THE Stockton Centre is scheduled to close between 2015 and 2018 under state government policies driven by the National Disability Insurance Scheme (NDIS).
Subscribe now for unlimited access.
$0/
(min cost $0)
or signup to continue reading
Plans for closing the disability group home have come and gone over the years and some families with members at the centre believe they had assurances of lifetime care on the site.
But the Public Service Association says the NDIS has finally given the state a way to close Stockton and other ‘‘large residential centres’’ such as Tomaree and Kanangra at Morisset.
Belmont North woman Wendy Cuneo says she and other Stockton Centre parents are alarmed at the prospect of the institution closing. She and her husband Clem have three children with disabilities, including David, who has been at Stockton 16 years.
Mrs Cuneo said ‘‘there isn’t a lot of time left’’, but families had been left in the dark about the changes and were disappointed to find the government going back on previous promises.
PSA regional organiser Paul James said there were 480 people at Stockton and another 100 between Tomaree and Kanangra.
The state government has confirmed plans to hand all disability services to non-government organisations by 2018, although it says the level of public funding will double under the NDIS.
Mr James said the union’s fears were confirmed last week when the director-general of the government’s Family and Community Services agency, Michael Coutts-Trotter, emailed staff about the NDIS.
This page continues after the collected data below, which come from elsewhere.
(* Let $d\ge2$, $q\ge2$, $p\in\mathbb{Z}/q\mathbb{Z}$ with $\gcd(p,q)=1$, and let $\mathcal{O}_1,\dots,\mathcal{O}_n$ be pairwise distinct $\sigma_d$-rotational orbits, each with rotation number $p/q$. Let $A=\bigcup_{i=1}^n\mathcal{O}_i=\{u_0<\dots<u_{nq-1}\}$. Then $A$ is $\sigma_d$-rotational with $\sigma_d(u_j)=u_{j+np}$ for all $j\in\mathbb{Z}/nq\mathbb{Z}$ (rotation number $p/q$) if and only if the representative sequences of $\mathcal{O}_1,\dots,\mathcal{O}_n$ can be interlaced.
   Context: $\mathbb{T}=\mathbb{R}/\mathbb{Z}$, ordered by representatives in $[0,1)$; $\sigma_d(t)=dt$. A finite set $\{u_0<\dots<u_{N-1}\}$ is $\sigma_d$-rotational if $\sigma_d(u_j)=u_{j+P}$ for a fixed $0\ne P\in\mathbb{Z}/N\mathbb{Z}$; rotation number $P/N$. $q$-tuple notation: $(a_0,\dots,a_{q-1})$, $a_i\in\{0,\dots,d-1\}$, denotes the point with base-$d$ expansion $0.\overline{a_0\dots a_{q-1}}$, digit indices in $\mathbb{Z}/q\mathbb{Z}$. A $(d-1)$-sequence of length $k$ is a nondecreasing sequence of length $k$ with terms in $\{0,\dots,d-2\}$. Representative sequence: let $1\le p\le q-1$, $p^*$ the inverse of $p$ mod $q$, and let $\mathcal{O}$ be a $\sigma_d$-rotational orbit with rotation number $p/q$ whose least element is $t=(a_0,\dots,a_{q-1})$. Its representative sequence is $c_0,\dots,c_{q-1}$ with $c_k=a_{kp^*}$ for $0\le k\le q-p-1$ and $c_k=a_{kp^*}-1$ for $q-p\le k\le q-1$; it is a $(d-1)$-sequence of length $q$. Sequences $s_i=b^{(i)}_0,\dots,b^{(i)}_{q-1}$ ($1\le i\le n$) can be interlaced if for some relabeling (permutation) of the indices $i$, the sequence $b^{(1)}_0,\dots,b^{(n)}_0,b^{(1)}_1,\dots,b^{(n)}_1,\dots,b^{(1)}_{q-1},\dots,b^{(n)}_{q-1}$ is a $(d-1)$-sequence. *)

theory Defs
  imports Complex_Main
begin

text \<open>The circle T = R/Z is represented by reals in [0,1); sigma_d(t) = frac(d t).\<close>

definition sigma :: "nat \<Rightarrow> real \<Rightarrow> real" where
  "sigma d t = frac (real d * t)"

definition rotates_by :: "nat \<Rightarrow> real set \<Rightarrow> nat \<Rightarrow> bool" where
  "rotates_by d A P \<longleftrightarrow> finite A \<and> A \<subseteq> {0..<1} \<and>
     (\<forall>j < card A. sigma d (sorted_list_of_set A ! j)
                   = sorted_list_of_set A ! ((j + P) mod card A))"

definition rotational :: "nat \<Rightarrow> real set \<Rightarrow> bool" where
  "rotational d A \<longleftrightarrow> (\<exists>P. P mod card A \<noteq> 0 \<and> rotates_by d A P)"

definition rot_orbit :: "nat \<Rightarrow> nat \<Rightarrow> nat \<Rightarrow> real set \<Rightarrow> bool" where
  "rot_orbit d p q Orb \<longleftrightarrow> card Orb = q \<and> rotational d Orb \<and> rotates_by d Orb p \<and>
     (\<exists>t\<in>Orb. Orb = range (\<lambda>k. (sigma d ^^ k) t))"

text \<open>i-th base-d digit (i = 0,1,...) of t in [0,1): t = 0.a_0 a_1 a_2 ...\<close>
definition digit :: "nat \<Rightarrow> real \<Rightarrow> nat \<Rightarrow> int" where
  "digit d t i = \<lfloor>real d ^ Suc i * t\<rfloor> mod int d"

definition inv_mod :: "nat \<Rightarrow> nat \<Rightarrow> nat" where
  "inv_mod p q = (SOME x. x < q \<and> (p * x) mod q = 1)"

text \<open>Representative sequence c_0..c_{q-1} of an orbit with rotation number p/q whose
  least element is t = (a_0,...,a_{q-1}).\<close>
definition rep_seq :: "nat \<Rightarrow> nat \<Rightarrow> nat \<Rightarrow> real \<Rightarrow> nat \<Rightarrow> int" where
  "rep_seq d q p t k =
     (if k < q - p then digit d t ((k * inv_mod p q) mod q)
      else digit d t ((k * inv_mod p q) mod q) - 1)"

definition dseq :: "nat \<Rightarrow> nat \<Rightarrow> (nat \<Rightarrow> int) \<Rightarrow> bool" where
  "dseq d len f \<longleftrightarrow> (\<forall>m < len. 0 \<le> f m \<and> f m \<le> int d - 2) \<and>
     (\<forall>m m'. m \<le> m' \<and> m' < len \<longrightarrow> f m \<le> f m')"

definition interlaceable :: "nat \<Rightarrow> nat \<Rightarrow> nat \<Rightarrow> (nat \<Rightarrow> nat \<Rightarrow> int) \<Rightarrow> bool" where
  "interlaceable d q n s \<longleftrightarrow> (\<exists>\<pi>. bij_betw \<pi> {..<n} {..<n} \<and>
     dseq d (n * q) (\<lambda>m. s (\<pi> (m mod n)) (m div n)))"

end

theory Submission
  imports Defs "HOL-Number_Theory.Cong"
begin

text \<open>
  Let \<open>y\<^sub>0 < \<dots> < y\<^sub>N\<^sub>-\<^sub>1\<close> be points of \<open>[0,1)\<close> with \<open>\<sigma>\<^sub>d(y\<^sub>m) = y\<^sub>m\<^sub>+\<^sub>P\<close> (indices mod \<open>N\<close>), and put
  \<open>C\<^sub>m = \<lfloor>d y\<^sub>m\<rfloor> - [m \<ge> N - P]\<close>. Extending \<open>y\<close> to all of \<open>\<nat>\<close> by \<open>y\<^sub>m\<^sub>+\<^sub>N = y\<^sub>m + 1\<close> (and \<open>C\<close> by
  \<open>C\<^sub>m\<^sub>+\<^sub>N = C\<^sub>m + d - 1\<close>) turns \<open>\<sigma>\<^sub>d\<close> into the exact identity \<open>d y\<^sub>m = C\<^sub>m + y\<^sub>m\<^sub>+\<^sub>P\<close>, so the gaps
  \<open>g\<^sub>m = y\<^sub>m\<^sub>+\<^sub>1 - y\<^sub>m\<close> satisfy \<open>d g\<^sub>m = (C\<^sub>m\<^sub>+\<^sub>1 - C\<^sub>m) + g\<^sub>m\<^sub>+\<^sub>P\<close>. If \<open>y\<close> increases, all gaps lie in
  \<open>(0,1)\<close>, so the integer \<open>C\<^sub>m\<^sub>+\<^sub>1 - C\<^sub>m\<close> exceeds \<open>-1\<close> and \<open>C\<close> is a \<open>(d-1)\<close>-sequence. Conversely, if
  \<open>C\<close> is a \<open>(d-1)\<close>-sequence, the smallest gap \<open>g\<close> satisfies \<open>d g \<ge> g\<close>, hence \<open>g \<ge> 0\<close>.

  For one orbit of rotation number \<open>p/q\<close>, \<open>C\<close> is its representative sequence. For the union of \<open>n\<close> orbits, a
  listing of the points in which the residue class \<open>r\<close> mod \<open>n\<close> runs through orbit \<open>\<pi>(r)\<close> has
  \<open>C\<close> equal to the \<open>\<pi>\<close>-interlacing of the representative sequences and shifts indices by \<open>n p\<close>.
  The union is rotational with shift \<open>n p\<close> exactly when its sorted listing is of this form, so
  the case \<open>N = n q\<close>, \<open>P = n p\<close> of the first paragraph gives the theorem.
\<close>

text \<open>For the sorted points of an orbit with rotation number \<open>P/N\<close> this is its representative
  sequence (lemma \<open>rep_seq_rot_orbit\<close>).\<close>

definition leading_digit_seq :: "nat \<Rightarrow> nat \<Rightarrow> nat \<Rightarrow> (nat \<Rightarrow> real) \<Rightarrow> nat \<Rightarrow> int" where
  "leading_digit_seq d N P y m = \<lfloor>real d * y m\<rfloor> - (if m < N - P then 0 else 1)"
lemma grid_system_solution_copula:
  assumes x: "\<forall>c\<in>grid_system. satisfies_ineq inner_nodes x c"
  shows "\<exists>C. copula C \<and> (\<forall>y\<in>nodes. lo y \<le> C y \<and> C y \<le> hi y)"
proof -
  define D where "D = (\<lambda>y. if y \<in> inner_nodes then x y else lo y)"
  have D_between: "lo y \<le> D y \<and> D y \<le> hi y" if "y \<in> nodes" for y
    using x that lo_le_hi nodes_subset_unit_sq lo_eq_hi_boundary
      satisfies_upper_ineq[of y x] satisfies_lower_ineq[of y x]
    by (auto simp: D_def grid_system_def)
  have cells: "\<forall>i<p. \<forall>j<q. 0 \<le> Vol D (a i, a (Suc i), b j, b (Suc j))"
  proof (intro allI impI)
    fix i j assume "i < p" "j < q"
    then have c: "(a i, a (Suc i), b j, b (Suc j)) \<in> cells" by (force simp: cells_def)
    then have "satisfies_ineq inner_nodes x (cell_ineq (a i, a (Suc i), b j, b (Suc j)))"
      using x by (simp add: grid_system_def)
    then show "0 \<le> Vol D (a i, a (Suc i), b j, b (Suc j))"
      unfolding D_def using satisfies_cell_ineq[OF c] by simp
  qed
  have not_inner: "(s, t) \<notin> inner_nodes" if "s \<in> {0, 1} \<or> t \<in> {0, 1}" for s t
    using that by (auto simp: inner_nodes_def)
  have "\<forall>i\<le>p. D (a i, 0) = 0" "\<forall>i\<le>p. D (a i, 1) = a i"
       "\<forall>j\<le>q. D (0, b j) = 0" "\<forall>j\<le>q. D (1, b j) = b j"
    using lo unit_partition_range[OF a] unit_partition_range[OF b] not_inner
    by (auto simp: D_def grounded_def neutral1_def)
  from bilinear_interp_copula[OF a b this cells]
  have C: "copula (bilinear_interp a p b q D)"
    and agree: "\<forall>y\<in>nodes. bilinear_interp a p b q D y = D y"
    by (auto simp: nodes_def)
  show ?thesis
    by (rule exI[of _ "bilinear_interp a p b q D"]) (simp add: C agree D_between)
qed

text \<open>The invariant of nonnegative integer combinations \<open>(\<alpha>, \<beta>)\<close> of the system: the cell
  inequalities used form a union \<open>R\<close>, and each use of an upper or lower bound at \<open>v\<close> moves
  \<open>\<alpha> v\<close> by \<open>\<plusminus>1\<close> while adding at least the corresponding change of \<open>Lterm\<close> to \<open>\<beta>\<close>.\<close>
definition grid_Lsum :: "rect list \<Rightarrow> (pt \<Rightarrow> int) \<Rightarrow> real" where
  "grid_Lsum R \<alpha> = (\<Sum>v\<in>inner_nodes. Lterm lo hi (mult R v + \<alpha> v) v)
     + (\<Sum>y\<in>nodes - inner_nodes. of_int (mult R y) * lo y)"
lemma uniform_limit_difference_quotient:
  fixes g g' :: "real \<Rightarrow> real"
  assumes g: "\<And>x. a < x \<Longrightarrow> (g has_real_derivative g' x) (at x)"
    and g': "continuous_on {a<..} g'" and "a < p"
  shows "uniform_limit {p..q} (\<lambda>h x. (g (x + h) - g x) / h) g' (at 0)"
proof (rule uniform_limitI)
  fix e :: real
  assume "e > 0"
  define \<eta> where "\<eta> = (p - a) / 2"
  define J where "J = {p - \<eta>..q + \<eta>}"
  have "\<eta> > 0" "J \<subseteq> {a<..}"
    using \<open>a < p\<close> by (auto simp: \<eta>_def J_def field_simps)
  then have "uniformly_continuous_on J g'"
    unfolding J_def by (intro compact_uniformly_continuous continuous_on_subset[OF g']) auto
  then obtain \<delta> where "\<delta> > 0"
    and \<delta>: "\<And>x y. x \<in> J \<Longrightarrow> y \<in> J \<Longrightarrow> dist y x < \<delta> \<Longrightarrow> dist (g' y) (g' x) < e / 2"
    using \<open>e > 0\<close> unfolding uniformly_continuous_on_def by (metis half_gt_zero)
  have "\<forall>\<^sub>F h in at 0. h \<noteq> 0 \<and> \<bar>h\<bar> < min \<delta> \<eta>"
    using \<open>\<delta> > 0\<close> \<open>\<eta> > 0\<close>
    by (auto simp: eventually_at dist_real_def intro!: exI[of _ "min \<delta> \<eta>"])
  then show "\<forall>\<^sub>F h in at 0. \<forall>x\<in>{p..q}. dist ((g (x + h) - g x) / h) (g' x) < e"
  proof eventually_elim
    case (elim h)
    show ?case
    proof
      fix x
      assume x: "x \<in> {p..q}"
      have "\<bar>g (x + h) - g x - (x + h - x) * g' x\<bar> \<le> e / 2 * \<bar>x + h - x\<bar>"
      proof (rule real_linearization_bound)
        fix z
        assume "z \<in> {min x (x + h)..max x (x + h)}"
        then have "z \<in> J" "\<bar>z - x\<bar> < \<delta>"
          using x elim by (auto simp: J_def)
        then show "(g has_real_derivative g' z) (at z)" "\<bar>g' z - g' x\<bar> \<le> e / 2"
          using g \<delta>[of x z] x \<open>J \<subseteq> {a<..}\<close> \<open>\<eta> > 0\<close> by (auto simp: J_def dist_real_def)
      qed
      then have "\<bar>(g (x + h) - g x) / h - g' x\<bar> \<le> e / 2"
        using elim by (simp add: field_simps abs_divide)
      then show "dist ((g (x + h) - g x) / h) (g' x) < e"
        using \<open>e > 0\<close> by (simp add: dist_real_def)
    qed
  qed
qed

lemma has_real_derivative_conv:
  fixes g g' K :: "real \<Rightarrow> real"
  assumes K: "delay_kernel K c d"
    and g: "\<And>x. a < x \<Longrightarrow> (g has_real_derivative g' x) (at x)"
    and g': "continuous_on {a<..} g'" and t\<^sub>0: "a + d < t\<^sub>0"
  shows "(conv g K has_real_derivative conv g' K t\<^sub>0) (at t\<^sub>0)"
proof -
  have g_cont: "continuous_on {a<..} g"
    using g by (meson DERIV_isCont continuous_at_imp_continuous_on greaterThan_iff)
  define Q where "Q = (\<lambda>h \<tau>. (g (t\<^sub>0 + h - \<tau>) - g (t\<^sub>0 - \<tau>)) / h)"
  have "uniform_limit {t\<^sub>0 - d..t\<^sub>0 - c} (\<lambda>h x. (g (x + h) - g x) / h) g' (at 0)"
    by (rule uniform_limit_difference_quotient[OF g g']) (use t\<^sub>0 in auto)
  then have "uniform_limit {c..d} (\<lambda>h \<tau>. (g (t\<^sub>0 - \<tau> + h) - g (t\<^sub>0 - \<tau>)) / h) (\<lambda>\<tau>. g' (t\<^sub>0 - \<tau>)) (at 0)"
    by (rule uniform_limit_compose') auto
  then have lim: "uniform_limit {c..d} Q (\<lambda>\<tau>. g' (t\<^sub>0 - \<tau>)) (at 0)"
    by (simp add: Q_def diff_add_eq)
  have Q_eq: "(\<lambda>\<tau>. Q h \<tau> * K \<tau>) = (\<lambda>\<tau>. (g (t\<^sub>0 + h - \<tau>) * K \<tau> - g (t\<^sub>0 - \<tau>) * K \<tau>) / h)" for h
    by (simp add: Q_def fun_eq_iff left_diff_distrib)
  have near: "\<forall>\<^sub>F h in at 0. a + d < t\<^sub>0 + h"
    using t\<^sub>0 by (auto simp: eventually_at dist_real_def intro!: exI[of _ "t\<^sub>0 - a - d"])
  then have int: "\<forall>\<^sub>F h in at 0. integrable lborel (\<lambda>\<tau>. Q h \<tau> * K \<tau>)"
    by eventually_elim (simp add: Q_eq integrable_conv_integrand[OF K g_cont] t\<^sub>0)
  have "((\<lambda>h. LINT \<tau>|lborel. Q h \<tau> * K \<tau>) \<longlongrightarrow> conv g' K t\<^sub>0) (at 0)"
    unfolding conv_def
    by (rule tendsto_integral_mult_kernel[OF K lim int integrable_conv_integrand[OF K g' t\<^sub>0]])
  moreover from near have "\<forall>\<^sub>F h in at 0.
      (LINT \<tau>|lborel. Q h \<tau> * K \<tau>) = (conv g K (t\<^sub>0 + h) - conv g K t\<^sub>0) / h"
    by eventually_elim
      (simp add: Q_eq conv_def integrable_conv_integrand[OF K g_cont] t\<^sub>0)
  ultimately show ?thesis
    unfolding DERIV_def by (rule Lim_transform_eventually)
qed

lemma Ck_on_conv:
  assumes K: "delay_kernel K c d"
  shows "Ck_on k {a<..} g \<Longrightarrow> Ck_on k {a + d<..} (conv g K)"
proof (induction k arbitrary: g)
  case 0
  then show ?case
    using continuous_on_conv[OF K] by (simp add: Ck_on_0)
next
  case (Suc k)
  then have g: "\<And>x. a < x \<Longrightarrow> (g has_real_derivative deriv g x) (at x)"
    and g': "Ck_on k {a<..} (deriv g)"
    by (auto simp: Ck_on_Suc DERIV_deriv_iff_real_differentiable)
  show ?case
    using has_real_derivative_conv[OF K g Ck_on_imp_continuous_on[OF g']] Suc.IH[OF g']
    by (intro Ck_on_Suc_if_has_derivative[where f'="conv (deriv g) K"]) auto
qed

section \<open>The delay system\<close>

lemma prob_density_supp_imp_delay_kernel:
  assumes "prob_density_supp F a b" and "0 \<le> a"
  shows "delay_kernel F a b"
proof -
  have supp: "F \<tau> \<noteq> 0 \<Longrightarrow> \<tau> \<in> {a..b}" for \<tau>
    using assms(1) by (simp add: prob_density_supp_def)
  then have "(\<lambda>\<tau>. indicator {0..} \<tau> *\<^sub>R F \<tau>) = F"
    using assms(2) by (force simp: fun_eq_iff indicator_def)
  then have "integrable lborel F"
    using assms(1) by (metis prob_density_supp_def set_integrable_def)
  with supp show ?thesis
    by (simp add: delay_kernel_def)
qed

lemma set_integral_Ici_eq_conv:
  assumes "delay_kernel K c d" and "0 \<le> c"
  shows "(LINT \<tau>:{0..}|lborel. g (t - \<tau>) * K \<tau>) = conv g K t"
proof -
  have "(\<lambda>\<tau>. indicator {0..} \<tau> *\<^sub>R (g (t - \<tau>) * K \<tau>)) = (\<lambda>\<tau>. g (t - \<tau>) * K \<tau>)"
    using delay_kernel_support[OF assms(1)] assms(2) by (force simp: fun_eq_iff indicator_def)
  then show ?thesis
    by (simp add: set_lebesgue_integral_def conv_def)
qed

lemma continuous_on_UNIV_if_constant_history:
  fixes f :: "real \<Rightarrow> real"
  assumes "continuous_on {0..} f" and "\<forall>s\<le>0. f s = c"
  shows "continuous_on UNIV f"
proof -
  have "continuous_on {..0} f"
    by (rule continuous_on_eq[OF continuous_on_const[of _ c]]) (use assms(2) in auto)
  with assms(1) have "continuous_on ({..0} \<union> {0..}) f"
    by (intro continuous_on_closed_Un) auto
  moreover have "{..0} \<union> {0::real..} = UNIV"
    by auto
  ultimately show ?thesis
    by simp
qed

lemma incr_smooth_if_derivative:
  assumes "0 \<le> r" and f: "\<forall>t>0. (f has_real_derivative f' t) (at t)"
    and f': "\<And>n. Ck_on n {r * real n<..} f'"
  shows "incr_smooth r f"
  unfolding incr_smooth_def
proof
  fix n
  have pos: "t > 0" if "t \<in> {r * real n<..}" for t
    using that \<open>0 \<le> r\<close> by (auto intro: le_less_trans[of 0 "r * real n"])
  have "Ck_on (Suc n) {r * real n<..} f"
    by (rule Ck_on_Suc_if_has_derivative[OF _ _ f'[of n]]) (use f pos in auto)
  then show "Ck_on (n + 1) {r * real n<..} f"
    by simp
qed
‘‘By 2018 our department will no longer provide disability services,’’ Mr Coutts-Trotter wrote. ‘‘People with disability will get their supports from non-government organisations and, possibly, the Commonwealth.’’
Mr James said the union supported the funding principles behind the NDIS but the state government was using it as cover to privatise disability services, with an estimated 10,000 government jobs threatened by the changes.
The government said the changes would create another 25,000 jobs in the sector but Mr James said that even if the existing staff won work with the new employers, experience showed the pay and conditions would not match the public sector.
He said any new work was likely to be casual or part-time.
Newcastle MP Tim Owen dismissed the union’s concerns and said the changes were positive as Stockton, Tomaree and Kanangra ‘‘do not meet contemporary standards’’.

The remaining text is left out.